In September 2016, the Company effected a 1-for-26 reverse stock split of all outstanding shares of the Company’s capital stock, including common stock and redeemable convertible preferred stock. All share, option, convertible promissory notes, warrant, and per share information presented in the financial statements has been adjusted to reflect the stock split on a retroactive basis for all periods presented and all share information is rounded down to the nearest whole share after reflecting the stock split.

Initial Public Offering and Concurrent Private Placement

On October 7, 2016, the Company’s Registration Statement on Form S‑1 (File No. 333‑213569) relating to the initial public offering, (IPO), of its common stock was declared effective by the Securities and Exchange Commission (SEC). Pursuant to such Registration Statement, the Company sold 5,000,000 shares at an initial public offering price of $8.00 per share for net proceeds of $33.9 million to the Company, net of underwriting discounts and commissions, and offering costs. Concurrent with the IPO, the Company issued 625,000 shares of its common stock in a private placement for net proceeds of $4.7 million, after deducting the placement agent fee.

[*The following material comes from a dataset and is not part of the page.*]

(* Let $G(x,y;\xi)$, $g(x,y)=\mathbb{E}_{\xi\sim\mathcal{P}}G(x,y;\xi)$ be such that there is $\bar l>0$ with, for every $\xi$ and all $x_1,x_2,y_1,y_2$, $\|\nabla_xG(x_1,y_1;\xi)-\nabla_xG(x_2,y_2;\xi)\|\leq\bar l[\|x_1-x_2\|+\|y_1-y_2\|]$ and $\|\nabla_yG(x_1,y_1;\xi)-\nabla_yG(x_2,y_2;\xi)\|\leq\bar l[\|x_1-x_2\|+\|y_1-y_2\|]$. Let $(x_t,y_t,m_t,n_t)$ be generated by the ZO-VRAGDA algorithm described in the context with step sizes $\alpha,\beta>0$. Then for every $t\geq0$, $$\begin{aligned}\mathbb{E}g(x_{t+1},y_{t+1})\geq{}&\mathbb{E}g(x_t,y_t)+\frac\beta2\mathbb{E}\|\nabla_yg(x_{t+1},y_t)\|^2-\frac\alpha2\mathbb{E}\|\nabla_xg(x_t,y_t)\|^2-\frac\beta2\mathbb{E}\|\nabla_yg(x_{t+1},y_t)-n_t\|^2\\&+\frac\alpha2\mathbb{E}\|\nabla_xg(x_t,y_t)-m_t\|^2+\frac\beta2(1-\bar l\beta)\mathbb{E}\|n_t\|^2-\frac\alpha2(1+\alpha\bar l)\mathbb{E}\|m_t\|^2.\end{aligned}$$
   Context: Zeroth-order estimators: for a sample $\xi$ and a direction $u$ uniform on the unit sphere of $\mathbb{R}^{d_1}$, $\hat\nabla_xG(x,y;\xi)=\frac{G(x+\mu_1u,y;\xi)-G(x,y;\xi)}{\mu_1/d_1}u$; for $\zeta$ and $v$ uniform on the unit sphere of $\mathbb{R}^{d_2}$, $\hat\nabla_yG(x,y;\zeta)=\frac{G(x,y+\mu_2v;\zeta)-G(x,y;\zeta)}{\mu_2/d_2}v$; for a sample set $\mathcal{B}$ of size $r$ (each sample with its own independent direction) $\hat\nabla G(x,y;\mathcal{B})$ is the average of the single-sample estimators. ZO-VRAGDA with parameters $q,B,b\in\mathbb{N}$, $\alpha,\beta,\mu_1,\mu_2>0$, initial $(x_0,y_0)$: for $t=0,1,\dots$: if $t\bmod q=0$, draw $B$ fresh i.i.d. samples $\mathcal{B}_t$ from $\mathcal{P}$ and set $m_t=\hat\nabla_xG(x_t,y_t;\mathcal{B}_t)$; otherwise draw $b$ fresh samples $\mathcal{I}_t$ and set $m_t=\hat\nabla_xG(x_t,y_t;\mathcal{I}_t)-\hat\nabla_xG(x_{t-1},y_{t-1};\mathcal{I}_t)+m_{t-1}$ (same samples and directions in both terms). Set $x_{t+1}=x_t-\alpha m_t$. Then if $t\bmod q=0$, draw $B$ fresh samples $\bar{\mathcal{B}}_t$ and set $n_t=\hat\nabla_yG(x_{t+1},y_t;\bar{\mathcal{B}}_t)$; otherwise draw $b$ fresh samples $\bar{\mathcal{I}}_t$ and set $n_t=\hat\nabla_yG(x_{t+1},y_t;\bar{\mathcal{I}}_t)-\hat\nabla_yG(x_t,y_{t-1};\bar{\mathcal{I}}_t)+n_{t-1}$. Set $y_{t+1}=y_t+\beta n_t$. Expectations are over all randomness of the algorithm. *)

theory Defs
  imports "HOL-Probability.Probability"
begin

In connection with the IPO, the following events occurred:

·

An aggregate of 2,486,199 shares of the Company’s common stock were issued to the holders of the redeemable convertible preferred stock upon the conversion of all shares of redeemable convertible preferred stock into common stock immediately prior to the closing of the IPO.

·

The outstanding balance of the convertible promissory notes payable including accrued interest was converted into 1,361,009 shares of common stock.

·

All of the outstanding redeemable convertible preferred stock warrants converted to warrants to purchase shares of common stock upon the closing of the IPO.

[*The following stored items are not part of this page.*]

(* For every general S4K-frame $\mathfrak F$ and every $\mathcal L_{\multimap}$-formula $\varphi$: $\mathfrak F\Vdash t(\varphi)$ if and only if $\hat\rho\mathfrak F\Vdash\varphi$.
   Context: $\mathcal L_{\multimap}$: atoms, $\top,\bot,\wedge,\vee,\to,\multimap$. $\mathcal L_{i,m}$: classical bimodal language with boxes $\Box_i,\Box_m$. The translation $t:\mathcal L_{\multimap}\to\mathcal L_{i,m}$: $t(p)=\Box_ip$, $t(\top)=\top$, $t(\bot)=\bot$, $t(\varphi\wedge\psi)=\Box_i(t\varphi\wedge t\psi)$, $t(\varphi\vee\psi)=\Box_i(t\varphi\vee t\psi)$, $t(\varphi\to\psi)=\Box_i(t\varphi\to t\psi)$, $t(\varphi\multimap\psi)=\Box_i\Box_m(t\varphi\to t\psi)$. General S4K-frame $(X,R_i,R_m,P)$: $R_i$ preorder, $R_m$ binary relation, $P$ Boolean subalgebra of $\mathcal P(X)$ closed under $[i]a=\{x\mid\forall y(xR_iy\Rightarrow y\in a)\}$ and $[m]a$ (likewise); $\mathfrak F\Vdash\chi$ means $\chi$ is true at all points under all valuations into $P$ (standard Kripke clauses). For such $\mathfrak F$: $xR_m^*z$ iff $\exists y(xR_iy\wedge yR_mz)$; $x\sim y$ iff $xR_iy\wedge yR_ix$; $[x]$ its class, $[X]$ the classes; $[x][R_i][y]$ iff $xR_iy$; $[x][R_m^*][y]$ iff $xR_m^*y'$ for some $y'\sim y$; $\hat\rho P:=\{\{[x]\mid x\in[i]b\}\mid b\in P\}$; $\hat\rho\mathfrak F:=([X],[R_i],[R_m^*],\hat\rho P)$, a general $\multimap$-frame. For a general $\multimap$-frame $(Y,\preceq,\sqsubset,Q)$ (here $Q$ is a family of $\preceq$-upsets closed under the relevant operations), $\Vdash\varphi$ means: under every valuation into $Q$ the truth set of $\varphi$ is $Y$, where $\to$ is interpreted by $a\Rightarrow b=\{x\mid\forall y(x\preceq y,y\in a\Rightarrow y\in b)\}$ and $\multimap$ by $a\Rrightarrow b=\{x\mid\forall y(x\sqsubset y,y\in a\Rightarrow y\in b)\}$, $\wedge,\vee$ by $\cap,\cup$. *)

theory Defs
  imports Main
begin

datatype 'v ifm =
    IAtom 'v | ITop | IBot
  | IAnd "'v ifm" "'v ifm" | IOr "'v ifm" "'v ifm"
  | IImp "'v ifm" "'v ifm" | ILimp "'v ifm" "'v ifm"

datatype 'v mfm =
    MAtom 'v | MTop | MBot | MNot "'v mfm"
  | MAnd "'v mfm" "'v mfm" | MOr "'v mfm" "'v mfm" | MImp "'v mfm" "'v mfm"
  | BoxI "'v mfm" | BoxM "'v mfm"

fun tr :: "'v ifm \<Rightarrow> 'v mfm" where
  "tr (IAtom p) = BoxI (MAtom p)"
| "tr ITop = MTop"
| "tr IBot = MBot"
| "tr (IAnd a b) = BoxI (MAnd (tr a) (tr b))"
| "tr (IOr a b) = BoxI (MOr (tr a) (tr b))"
| "tr (IImp a b) = BoxI (MImp (tr a) (tr b))"
| "tr (ILimp a b) = BoxI (BoxM (MImp (tr a) (tr b)))"

definition boxset :: "'a set \<Rightarrow> ('a \<Rightarrow> 'a \<Rightarrow> bool) \<Rightarrow> 'a set \<Rightarrow> 'a set" where
  "boxset X R a = {x \<in> X. \<forall>y. R x y \<longrightarrow> y \<in> a}"

definition gen_S4K_frame ::
  "'a set \<Rightarrow> ('a \<Rightarrow> 'a \<Rightarrow> bool) \<Rightarrow> ('a \<Rightarrow> 'a \<Rightarrow> bool) \<Rightarrow> 'a set set \<Rightarrow> bool" where
  "gen_S4K_frame X Ri Rm P \<longleftrightarrow>
     (\<forall>x y. Ri x y \<longrightarrow> x \<in> X \<and> y \<in> X) \<and>
     (\<forall>x y. Rm x y \<longrightarrow> x \<in> X \<and> y \<in> X) \<and>
     (\<forall>x\<in>X. Ri x x) \<and>
     (\<forall>x y z. Ri x y \<longrightarrow> Ri y z \<longrightarrow> Ri x z) \<and>
     P \<subseteq> Pow X \<and> {} \<in> P \<and> X \<in> P \<and>
     (\<forall>a\<in>P. X - a \<in> P) \<and>
     (\<forall>a\<in>P. \<forall>b\<in>P. a \<inter> b \<in> P) \<and>
     (\<forall>a\<in>P. \<forall>b\<in>P. a \<union> b \<in> P) \<and>
     (\<forall>a\<in>P. boxset X Ri a \<in> P) \<and>
     (\<forall>a\<in>P. boxset X Rm a \<in> P)"

fun mtrue :: "('a \<Rightarrow> 'a \<Rightarrow> bool) \<Rightarrow> ('a \<Rightarrow> 'a \<Rightarrow> bool) \<Rightarrow> ('v \<Rightarrow> 'a set) \<Rightarrow> 'a \<Rightarrow> 'v mfm \<Rightarrow> bool" where
  "mtrue Ri Rm V x (MAtom p) = (x \<in> V p)"
| "mtrue Ri Rm V x MTop = True"
| "mtrue Ri Rm V x MBot = False"
| "mtrue Ri Rm V x (MNot a) = (\<not> mtrue Ri Rm V x a)"
| "mtrue Ri Rm V x (MAnd a b) = (mtrue Ri Rm V x a \<and> mtrue Ri Rm V x b)"
| "mtrue Ri Rm V x (MOr a b) = (mtrue Ri Rm V x a \<or> mtrue Ri Rm V x b)"
| "mtrue Ri Rm V x (MImp a b) = (mtrue Ri Rm V x a \<longrightarrow> mtrue Ri Rm V x b)"
| "mtrue Ri Rm V x (BoxI a) = (\<forall>y. Ri x y \<longrightarrow> mtrue Ri Rm V y a)"
| "mtrue Ri Rm V x (BoxM a) = (\<forall>y. Rm x y \<longrightarrow> mtrue Ri Rm V y a)"

definition frame_valid ::
  "'a set \<Rightarrow> ('a \<Rightarrow> 'a \<Rightarrow> bool) \<Rightarrow> ('a \<Rightarrow> 'a \<Rightarrow> bool) \<Rightarrow> 'a set set \<Rightarrow> 'v mfm \<Rightarrow> bool" where
  "frame_valid X Ri Rm P \<chi> \<longleftrightarrow>
     (\<forall>V. (\<forall>p. V p \<in> P) \<longrightarrow> (\<forall>x\<in>X. mtrue Ri Rm V x \<chi>))"

fun ival :: "'b set \<Rightarrow> ('b \<Rightarrow> 'b \<Rightarrow> bool) \<Rightarrow> ('b \<Rightarrow> 'b \<Rightarrow> bool) \<Rightarrow> ('v \<Rightarrow> 'b set) \<Rightarrow> 'v ifm \<Rightarrow> 'b set" where
  "ival Y le sq v (IAtom p) = v p"
| "ival Y le sq v ITop = Y"
| "ival Y le sq v IBot = {}"
| "ival Y le sq v (IAnd a b) = ival Y le sq v a \<inter> ival Y le sq v b"
| "ival Y le sq v (IOr a b) = ival Y le sq v a \<union> ival Y le sq v b"
| "ival Y le sq v (IImp a b) =
     {x \<in> Y. \<forall>y. le x y \<longrightarrow> y \<in> ival Y le sq v a \<longrightarrow> y \<in> ival Y le sq v b}"
| "ival Y le sq v (ILimp a b) =
     {x \<in> Y. \<forall>y. sq x y \<longrightarrow> y \<in> ival Y le sq v a \<longrightarrow> y \<in> ival Y le sq v b}"

definition limp_valid ::
  "'b set \<Rightarrow> ('b \<Rightarrow> 'b \<Rightarrow> bool) \<Rightarrow> ('b \<Rightarrow> 'b \<Rightarrow> bool) \<Rightarrow> 'b set set \<Rightarrow> 'v ifm \<Rightarrow> bool" where
  "limp_valid Y le sq Q \<phi> \<longleftrightarrow>
     (\<forall>v. (\<forall>p. v p \<in> Q) \<longrightarrow> ival Y le sq v \<phi> = Y)"

definition Rmstar :: "('a \<Rightarrow> 'a \<Rightarrow> bool) \<Rightarrow> ('a \<Rightarrow> 'a \<Rightarrow> bool) \<Rightarrow> 'a \<Rightarrow> 'a \<Rightarrow> bool" where
  "Rmstar Ri Rm x z \<longleftrightarrow> (\<exists>y. Ri x y \<and> Rm y z)"

definition equivI :: "('a \<Rightarrow> 'a \<Rightarrow> bool) \<Rightarrow> 'a \<Rightarrow> 'a \<Rightarrow> bool" where
  "equivI Ri x y \<longleftrightarrow> Ri x y \<and> Ri y x"

definition cls :: "'a set \<Rightarrow> ('a \<Rightarrow> 'a \<Rightarrow> bool) \<Rightarrow> 'a \<Rightarrow> 'a set" where
  "cls X Ri x = {y \<in> X. equivI Ri x y}"

definition rho_carrier :: "'a set \<Rightarrow> ('a \<Rightarrow> 'a \<Rightarrow> bool) \<Rightarrow> 'a set set" where
  "rho_carrier X Ri = cls X Ri ` X"

definition rho_Ri :: "'a set \<Rightarrow> ('a \<Rightarrow> 'a \<Rightarrow> bool) \<Rightarrow> 'a set \<Rightarrow> 'a set \<Rightarrow> bool" where
  "rho_Ri X Ri c d \<longleftrightarrow>
     (\<exists>x\<in>X. \<exists>y\<in>X. c = cls X Ri x \<and> d = cls X Ri y \<and> Ri x y)"

definition rho_Rm :: "'a set \<Rightarrow> ('a \<Rightarrow> 'a \<Rightarrow> bool) \<Rightarrow> ('a \<Rightarrow> 'a \<Rightarrow> bool) \<Rightarrow> 'a set \<Rightarrow> 'a set \<Rightarrow> bool" where
  "rho_Rm X Ri Rm c d \<longleftrightarrow>
     (\<exists>x\<in>X. \<exists>y\<in>X. c = cls X Ri x \<and> d = cls X Ri y \<and>
        (\<exists>y'. equivI Ri y' y \<and> Rmstar Ri Rm x y'))"

definition rho_P :: "'a set \<Rightarrow> ('a \<Rightarrow> 'a \<Rightarrow> bool) \<Rightarrow> 'a set set \<Rightarrow> 'a set set set" where
  "rho_P X Ri P = {cls X Ri ` boxset X Ri b | b. b \<in> P}"

end

theory Submission
  imports Defs
begin

text \<open>Truth sets of translated formulas are R_i-upsets, so truth of t(\<phi>) at x depends
  only on the cluster [x]. A valuation V into P induces the valuation
  p \<mapsto> {[x] | x \<in> [i]V(p)}, and these are exactly the valuations into \<rho>P. By induction
  on \<phi>, x satisfies t(\<phi>) under V iff [x] lies in the truth set of \<phi> under the induced
  valuation. The only non-obvious case is \<multimap>: [x] [R_m*] d holds iff d = [z] for some z
  with x R_m* z, so the clause for \<multimap> matches the clause for \<box>_i \<box>_m.\<close>

lemma ival_subset:
  assumes "\<And>p. v p \<subseteq> Y"
  shows "ival Y le sq v \<phi> \<subseteq> Y"
  using assms by (induction \<phi>) auto

locale s4k_frame =
  fixes X :: "'a set" and Ri Rm :: "'a \<Rightarrow> 'a \<Rightarrow> bool"
  assumes Ri_in: "Ri x y \<Longrightarrow> y \<in> X"
    and Rm_in: "Rm x y \<Longrightarrow> y \<in> X"
    and Ri_refl: "x \<in> X \<Longrightarrow> Ri x x"
    and Ri_trans: "Ri x y \<Longrightarrow> Ri y z \<Longrightarrow> Ri x z"

lemma gen_S4K_frame_imp_s4k_frame:
  assumes "gen_S4K_frame X Ri Rm P"
  shows "s4k_frame X Ri Rm"
  using assms unfolding gen_S4K_frame_def s4k_frame_def
  by (elim conjE) (intro conjI allI impI; blast)

context s4k_frame
begin

abbreviation cl :: "'a \<Rightarrow> 'a set" where
  "cl \<equiv> cls X Ri"

abbreviation rho_ival :: "('v \<Rightarrow> 'a set set) \<Rightarrow> 'v ifm \<Rightarrow> 'a set set" where
  "rho_ival v \<equiv> ival (rho_carrier X Ri) (rho_Ri X Ri) (rho_Rm X Ri Rm) v"

abbreviation rho_val :: "('v \<Rightarrow> 'a set) \<Rightarrow> 'v \<Rightarrow> 'a set set" where
  "rho_val V p \<equiv> cl ` boxset X Ri (V p)"

lemma cls_eq_iff:
  assumes "x \<in> X" "y \<in> X"
  shows "cl x = cl y \<longleftrightarrow> equivI Ri x y"
  using assms Ri_refl Ri_trans unfolding cls_def equivI_def by blast

lemma mtrue_tr_upward:
  assumes "mtrue Ri Rm V x (tr \<phi>)" "Ri x y"
  shows "mtrue Ri Rm V y (tr \<phi>)"
  using assms by (cases \<phi>) (auto intro: Ri_trans)

lemma cls_in_image_boxset_iff:
  assumes "x \<in> X"
  shows "cl x \<in> cl ` boxset X Ri a \<longleftrightarrow> x \<in> boxset X Ri a"
proof
  assume "cl x \<in> cl ` boxset X Ri a"
  then obtain z where z: "z \<in> boxset X Ri a" "cl x = cl z" by blast
  then have "Ri z x"
    using assms cls_eq_iff unfolding boxset_def equivI_def by blast
  then show "x \<in> boxset X Ri a"
    using z(1) assms Ri_trans unfolding boxset_def by blast
qed blast

lemma rho_Ri_cls_iff:
  assumes "x \<in> X"
  shows "rho_Ri X Ri (cl x) d \<longleftrightarrow> (\<exists>y. Ri x y \<and> d = cl y)"
proof
  assume "rho_Ri X Ri (cl x) d"
  then obtain x' y where "x' \<in> X" "cl x = cl x'" "d = cl y" "Ri x' y"
    unfolding rho_Ri_def by blast
  then show "\<exists>y. Ri x y \<and> d = cl y"
    using assms cls_eq_iff Ri_trans unfolding equivI_def by blast
qed (use assms Ri_in in \<open>auto simp: rho_Ri_def\<close>)

lemma rho_Rm_cls_iff:
  assumes "x \<in> X"
  shows "rho_Rm X Ri Rm (cl x) d \<longleftrightarrow> (\<exists>z. Rmstar Ri Rm x z \<and> d = cl z)"
proof
  assume "rho_Rm X Ri Rm (cl x) d"
  then obtain x' z y' w where "x' \<in> X" "z \<in> X" "cl x = cl x'" "d = cl z"
      "equivI Ri y' z" "Ri x' w" "Rm w y'"
    unfolding rho_Rm_def Rmstar_def by blast
  moreover from this have "cl y' = cl z" "Ri x w"
    using assms cls_eq_iff Rm_in Ri_trans unfolding equivI_def by blast+
  ultimately show "\<exists>z. Rmstar Ri Rm x z \<and> d = cl z"
    unfolding Rmstar_def by metis
next
  assume "\<exists>z. Rmstar Ri Rm x z \<and> d = cl z"
  then obtain z where "Rmstar Ri Rm x z" "d = cl z" by blast
  moreover from this have "z \<in> X"
    unfolding Rmstar_def using Rm_in by blast
  ultimately show "rho_Rm X Ri Rm (cl x) d"
    using assms Ri_refl unfolding rho_Rm_def equivI_def by blast
qed

lemma cls_in_rho_carrier: "x \<in> X \<Longrightarrow> cl x \<in> rho_carrier X Ri"
  unfolding rho_carrier_def by blast

lemma mtrue_tr_iff_cls_in_rho_ival:
  assumes "x \<in> X"
  shows "mtrue Ri Rm V x (tr \<phi>) \<longleftrightarrow> cl x \<in> rho_ival (rho_val V) \<phi>"
  using assms
proof (induction \<phi> arbitrary: x)
  case (IAtom p)
  then show ?case
    by (simp add: cls_in_image_boxset_iff) (simp add: boxset_def)
next
  case ITop
  then show ?case by (simp add: cls_in_rho_carrier)
next
  case (IAnd a b)
  have "mtrue Ri Rm V x (tr (IAnd a b)) \<longleftrightarrow> mtrue Ri Rm V x (tr a) \<and> mtrue Ri Rm V x (tr b)"
    using IAnd.prems Ri_refl mtrue_tr_upward[of V _ a] mtrue_tr_upward[of V _ b] by auto
  then show ?case
    using IAnd by simp
next
  case (IOr a b)
  have "mtrue Ri Rm V x (tr (IOr a b)) \<longleftrightarrow> mtrue Ri Rm V x (tr a) \<or> mtrue Ri Rm V x (tr b)"
    using IOr.prems Ri_refl mtrue_tr_upward[of V _ a] mtrue_tr_upward[of V _ b] by simp blast
  then show ?case
    using IOr by simp
next
  case (IImp a b)
  have "cl x \<in> rho_ival (rho_val V) (IImp a b) \<longleftrightarrow>
      (\<forall>y. Ri x y \<longrightarrow> cl y \<in> rho_ival (rho_val V) a \<longrightarrow> cl y \<in> rho_ival (rho_val V) b)"
    using IImp.prems by (auto simp: rho_Ri_cls_iff cls_in_rho_carrier)
  also have "\<dots> \<longleftrightarrow> mtrue Ri Rm V x (tr (IImp a b))"
    using IImp.IH Ri_in by auto
  finally show ?case ..
next
  case (ILimp a b)
  have "cl x \<in> rho_ival (rho_val V) (ILimp a b) \<longleftrightarrow>
      (\<forall>z. Rmstar Ri Rm x z \<longrightarrow> cl z \<in> rho_ival (rho_val V) a \<longrightarrow> cl z \<in> rho_ival (rho_val V) b)"
    using ILimp.prems by (auto simp: rho_Rm_cls_iff cls_in_rho_carrier)
  also have "\<dots> \<longleftrightarrow> mtrue Ri Rm V x (tr (ILimp a b))"
    using ILimp.IH Rm_in by (auto simp: Rmstar_def)
  finally show ?case ..
qed simp

lemma all_mtrue_tr_iff_rho_ival_eq:
  "(\<forall>x\<in>X. mtrue Ri Rm V x (tr \<phi>)) \<longleftrightarrow> rho_ival (rho_val V) \<phi> = rho_carrier X Ri"
proof -
  have "rho_val V p \<subseteq> rho_carrier X Ri" for p
    unfolding rho_carrier_def boxset_def by blast
  then have "rho_ival (rho_val V) \<phi> \<subseteq> rho_carrier X Ri"
    by (rule ival_subset)
  moreover have "(\<forall>x\<in>X. mtrue Ri Rm V x (tr \<phi>)) \<longleftrightarrow> rho_carrier X Ri \<subseteq> rho_ival (rho_val V) \<phi>"
    by (simp add: rho_carrier_def image_subset_iff mtrue_tr_iff_cls_in_rho_ival)
  ultimately show ?thesis
    by blast
qed

lemma valuation_into_rho_P_iff:
  "(\<forall>p. v p \<in> rho_P X Ri P) \<longleftrightarrow> (\<exists>V. (\<forall>p. V p \<in> P) \<and> v = rho_val V)"
proof
  assume "\<forall>p. v p \<in> rho_P X Ri P"
  then have "\<forall>p. \<exists>b. b \<in> P \<and> v p = cl ` boxset X Ri b"
    unfolding rho_P_def by blast
  then obtain V where "\<forall>p. V p \<in> P \<and> v p = rho_val V p"
    by (metis choice)
  then show "\<exists>V. (\<forall>p. V p \<in> P) \<and> v = rho_val V"
    by blast
qed (auto simp: rho_P_def)

end

theorem lemma4p11:
  fixes X :: "'a set" and Ri Rm :: "'a \<Rightarrow> 'a \<Rightarrow> bool" and P :: "'a set set"
    and \<phi> :: "'v ifm"
  assumes "gen_S4K_frame X Ri Rm P"
  shows "frame_valid X Ri Rm P (tr \<phi>) \<longleftrightarrow>
         limp_valid (rho_carrier X Ri) (rho_Ri X Ri) (rho_Rm X Ri Rm) (rho_P X Ri P) \<phi>"
proof -
  interpret s4k_frame X Ri Rm
    using assms by (rule gen_S4K_frame_imp_s4k_frame)
  have "frame_valid X Ri Rm P (tr \<phi>) \<longleftrightarrow>
      (\<forall>V. (\<forall>p. V p \<in> P) \<longrightarrow> rho_ival (rho_val V) \<phi> = rho_carrier X Ri)"
    unfolding frame_valid_def all_mtrue_tr_iff_rho_ival_eq ..
  also have "\<dots> \<longleftrightarrow> limp_valid (rho_carrier X Ri) (rho_Ri X Ri) (rho_Rm X Ri Rm) (rho_P X Ri P) \<phi>"
    unfolding limp_valid_def valuation_into_rho_P_iff by blast
  finally show ?thesis .
qed

end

Ability to continue as a going concern

The Company believes that its existing cash and cash equivalents as of December 31, 2017, coupled with its anticipated growth and sales levels, and proceeds of $24.8 million to the Company, net of underwriting discounts and commissions, but before offering costs from the follow-on underwritten public offering in February 2018, will be sufficient to meet its anticipated cash requirements for at least the next 12 months from March 15, 2018. The Company’s future capital requirements will depend on many factors, including its growth rate, the timing and extent of its spending to support research and development activities, the timing and cost of establishing additional sales and marketing capabilities, and the introduction of new products. The Company may be required at some point in the future to seek additional equity or debt financing, to sustain operations beyond that point, and such additional financing may not be available on acceptable terms or at all. If the Company is unable to raise additional capital or generate sufficient cash from operations to adequately fund its operations, it will need to curtail planned activities to reduce costs. Doing so will likely harm its ability to execute on its business plan.